### PROBLEM
Only the lines from the one containing "and converge to" to the end of the records should be given again, word for word and in full.

### DATA SUPPLIED
(* Let $A\subseteq\mathbb{N}$ and $x\in\mathbb{R}$. There exists a density measure $\mu$ such that $\mu(A)=x$ if and only if $x\in[\underline{\underline{d}}(A),\overline{\overline{d}}(A)]$.
   Context: $\mathbb{N}=\{1,2,3,\dots\}$. For $A\subseteq\mathbb{N}$ let $A(n)=|A\cap[1,n]|$. Let $\mathcal{D}$ be the collection of all $A\subseteq\mathbb{N}$ for which the asymptotic density $d(A)=\lim_{n\to\infty}\frac{A(n)}{n}$ exists. A density measure is a function $\mu:\mathcal{P}(\mathbb{N})\to[0,1]$ with $\mu(\mathbb{N})=1$, $\mu(A\cup B)=\mu(A)+\mu(B)$ for all disjoint $A,B\subseteq\mathbb{N}$, and $\mu(A)=d(A)$ for all $A\in\mathcal{D}$. Define $\underline{\underline{d}}(A)=\sup\{d(B);\ B\subseteq A,\ B\in\mathcal{D}\}$ and $\overline{\overline{d}}(A)=\inf\{d(C);\ C\supseteq A,\ C\in\mathcal{D}\}$. *)

theory Defs
  imports Complex_Main
begin

definition Npos :: "nat set" where
  "Npos = {n. 1 \<le> n}"

definition cnt :: "nat set \<Rightarrow> nat \<Rightarrow> nat" where
  "cnt A n = card (A \<inter> {1..n})"

definition has_density :: "nat set \<Rightarrow> real \<Rightarrow> bool" where
  "has_density A d \<longleftrightarrow> ((\<lambda>n. real (cnt A n) / real n) \<longlongrightarrow> d) sequentially"

definition DD :: "nat set set" where
  "DD = {A. A \<subseteq> Npos \<and> (\<exists>d. has_density A d)}"

definition dens :: "nat set \<Rightarrow> real" where
  "dens A = lim (\<lambda>n. real (cnt A n) / real n)"

text \<open>Density measure: a function on P(N) (values outside P(N) irrelevant).\<close>
definition density_measure :: "(nat set \<Rightarrow> real) \<Rightarrow> bool" where
  "density_measure \<mu> \<longleftrightarrow>
     (\<forall>A. A \<subseteq> Npos \<longrightarrow> 0 \<le> \<mu> A \<and> \<mu> A \<le> 1) \<and>
     \<mu> Npos = 1 \<and>
     (\<forall>A B. A \<subseteq> Npos \<longrightarrow> B \<subseteq> Npos \<longrightarrow> A \<inter> B = {} \<longrightarrow> \<mu> (A \<union> B) = \<mu> A + \<mu> B) \<and>
     (\<forall>A\<in>DD. \<mu> A = dens A)"

definition lower_dd :: "nat set \<Rightarrow> real" where
  "lower_dd A = Sup {dens B | B. B \<subseteq> A \<and> B \<in> DD}"

definition upper_dd :: "nat set \<Rightarrow> real" where
  "upper_dd A = Inf {dens C | C. A \<subseteq> C \<and> C \<in> DD}"

end

theory Submission
  imports Defs "HOL-Analysis.Analysis"
begin

text \<open>
  Every density measure is monotone and agrees with \<open>d\<close> on \<open>DD\<close>, so \<open>\<mu> A\<close> lies between
  \<open>lower_dd A\<close> and \<open>upper_dd A\<close>. Conversely, convex combinations of density measures are
  density measures, so it suffices to attain both endpoints, and by passing to complements
  only the upper one. If \<open>l < upper_dd A\<close>, then \<open>A\<close> has arbitrarily late windows \<open>(k, m]\<close>
  of length at least \<open>\<delta> m\<close> in which its relative density is at least \<open>l\<close>: otherwise, adding
  \<open>n\<close> to \<open>A\<close> whenever the running count falls below \<open>l n\<close> would produce a superset of
  density \<open>l\<close>. The window averages \<open>B \<mapsto> |B \<inter> (k, m]| / (m - k)\<close> are finitely additive
  and converge to \<open>d C\<close> for \<open>C \<in> DD\<close>, so any cluster point of them in the compact space of
  \<open>[0,1]\<close>-valued set functions is a density measure with \<open>l \<le> \<mu> A\<close>. A second cluster point
  argument, with \<open>l\<close> tending to \<open>upper_dd A\<close>, attains the upper endpoint.
\<close>

section \<open>Cluster points in the cube of unit-valued functions\<close>

lemma compact_unit_valued_functions: "compact {f :: 'a \<Rightarrow> real. \<forall>B. f B \<in> {0..1}}"
proof -
  have "compactin (product_topology (\<lambda>_. euclidean) UNIV) (PiE UNIV (\<lambda>_::'a. {0..1::real}))"
    by (simp add: compactin_PiE)
  moreover have "PiE UNIV (\<lambda>_::'a. {0..1::real}) = {f. \<forall>B. f B \<in> {0..1}}"
    by (auto simp: PiE_def Pi_def)
  ultimately show ?thesis
    by (simp add: euclidean_product_topology)
qed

### ANSWER SPACE
  and converge to \<open>d C\<close> for \<open>C \<in> DD\<close>, so any cluster point of them in the compact space of
  \<open>[0,1]\<close>-valued set functions is a density measure with \<open>l \<le> \<mu> A\<close>. A second cluster point
  argument, with \<open>l\<close> tending to \<open>upper_dd A\<close>, attains the upper endpoint.
\<close>

section \<open>Cluster points in the cube of unit-valued functions\<close>

lemma compact_unit_valued_functions: "compact {f :: 'a \<Rightarrow> real. \<forall>B. f B \<in> {0..1}}"
proof -
  have "compactin (product_topology (\<lambda>_. euclidean) UNIV) (PiE UNIV (\<lambda>_::'a. {0..1::real}))"
    by (simp add: compactin_PiE)
  moreover have "PiE UNIV (\<lambda>_::'a. {0..1::real}) = {f. \<forall>B. f B \<in> {0..1}}"
    by (auto simp: PiE_def Pi_def)
  ultimately show ?thesis
    by (simp add: euclidean_product_topology)
qed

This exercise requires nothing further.